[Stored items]

⟨

text \<open>Nonempty paths in E_d, written left to right: ys!0 is traversed first.\<close>
definition dpath :: "'e set \<Rightarrow> ('e \<Rightarrow> 'v) \<Rightarrow> ('e \<Rightarrow> 'v) \<Rightarrow> 'e dedge list \<Rightarrow> bool" where
  "dpath E1 s r ys \<longleftrightarrow> ys \<noteq> [] \<and> (\<forall>y\<in>set ys. und y \<in> E1) \<and>
     (\<forall>i. Suc i < length ys \<longrightarrow> rd s r (ys ! i) = sd s r (ys ! Suc i))"

text \<open>Basis paths of length >= 1: p, p^*, or p q^* with the condition on the junction
  (last edge e_k of p, last edge f_n of q: e_k ~= f_n, or e_k = f_n nonspecial).\<close>
definition basis_path :: "'e set \<Rightarrow> ('e \<Rightarrow> 'v) \<Rightarrow> ('e \<Rightarrow> 'v) \<Rightarrow> ('v \<Rightarrow> 'e) \<Rightarrow> 'e dedge list \<Rightarrow> bool" where
  "basis_path E1 s r sp ys \<longleftrightarrow> dpath E1 s r ys \<and>
     (\<exists>a b. ys = a @ b \<and> (\<forall>y\<in>set a. is_real y) \<and> (\<forall>y\<in>set b. \<not> is_real y) \<and>
        (a \<noteq> [] \<longrightarrow> b \<noteq> [] \<longrightarrow> und (last a) \<noteq> und (hd b) \<or> und (last a) \<noteq> sp (s (und (last a)))))"

text \<open>Left-infinite words x = ... x_3 x_2 x_1 are stored as x :: nat => 'e dedge with
  x_i = x (i - 1), i.e. x 0 = x_1.  The finite word x_n ... x_1 is rev (map x [0..<n]).\<close>
definition Xinf :: "'e set \<Rightarrow> ('e \<Rightarrow> 'v) \<Rightarrow> ('e \<Rightarrow> 'v) \<Rightarrow> ('v \<Rightarrow> 'e) \<Rightarrow> (nat \<Rightarrow> 'e dedge) set" where
  "Xinf E1 s r sp = {x. \<forall>n\<ge>1. basis_path E1 s r sp (rev (map x [0..<n]))}"

definition tail_equiv :: "(nat \<Rightarrow> 'e dedge) \<Rightarrow> (nat \<Rightarrow> 'e dedge) \<Rightarrow> bool" where
  "tail_equiv x z \<longleftrightarrow> (\<exists>m n. \<forall>k. x (m + k) = z (n + k))"

record ('w, 'f, 'v, 'e) lgraph =
  LV :: "'w set"
  LE :: "'f set"
  Ls :: "'f \<Rightarrow> 'w"
  Lr :: "'f \<Rightarrow> 'w"
  phiV :: "'w \<Rightarrow> 'v"
  phiE :: "'f \<Rightarrow> 'e dedge"

definition lgraph_iso :: "('w, 'f, 'v, 'e) lgraph \<Rightarrow> ('w2, 'f2, 'v, 'e) lgraph \<Rightarrow> bool" where
  "lgraph_iso F G \<longleftrightarrow> (\<exists>a b. bij_betw a (LV F) (LV G) \<and> bij_betw b (LE F) (LE G) \<and>
     (\<forall>f\<in>LE F. Ls G (b f) = a (Ls F f) \<and> Lr G (b f) = a (Lr F f) \<and> phiE G (b f) = phiE F f) \<and>
     (\<forall>w\<in>LV F. phiV G (a w) = phiV F w))"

⟩

▶ _DIRECTIONS_:
Filter the records above and copy every line that contains the word "Xinf".

▶ _COMPLETED TASK_:
definition Xinf :: "'e set \<Rightarrow> ('e \<Rightarrow> 'v) \<Rightarrow> ('e \<Rightarrow> 'v) \<Rightarrow> ('v \<Rightarrow> 'e) \<Rightarrow> (nat \<Rightarrow> 'e dedge) set" where
  "Xinf E1 s r sp = {x. \<forall>n\<ge>1. basis_path E1 s r sp (rev (map x [0..<n]))}"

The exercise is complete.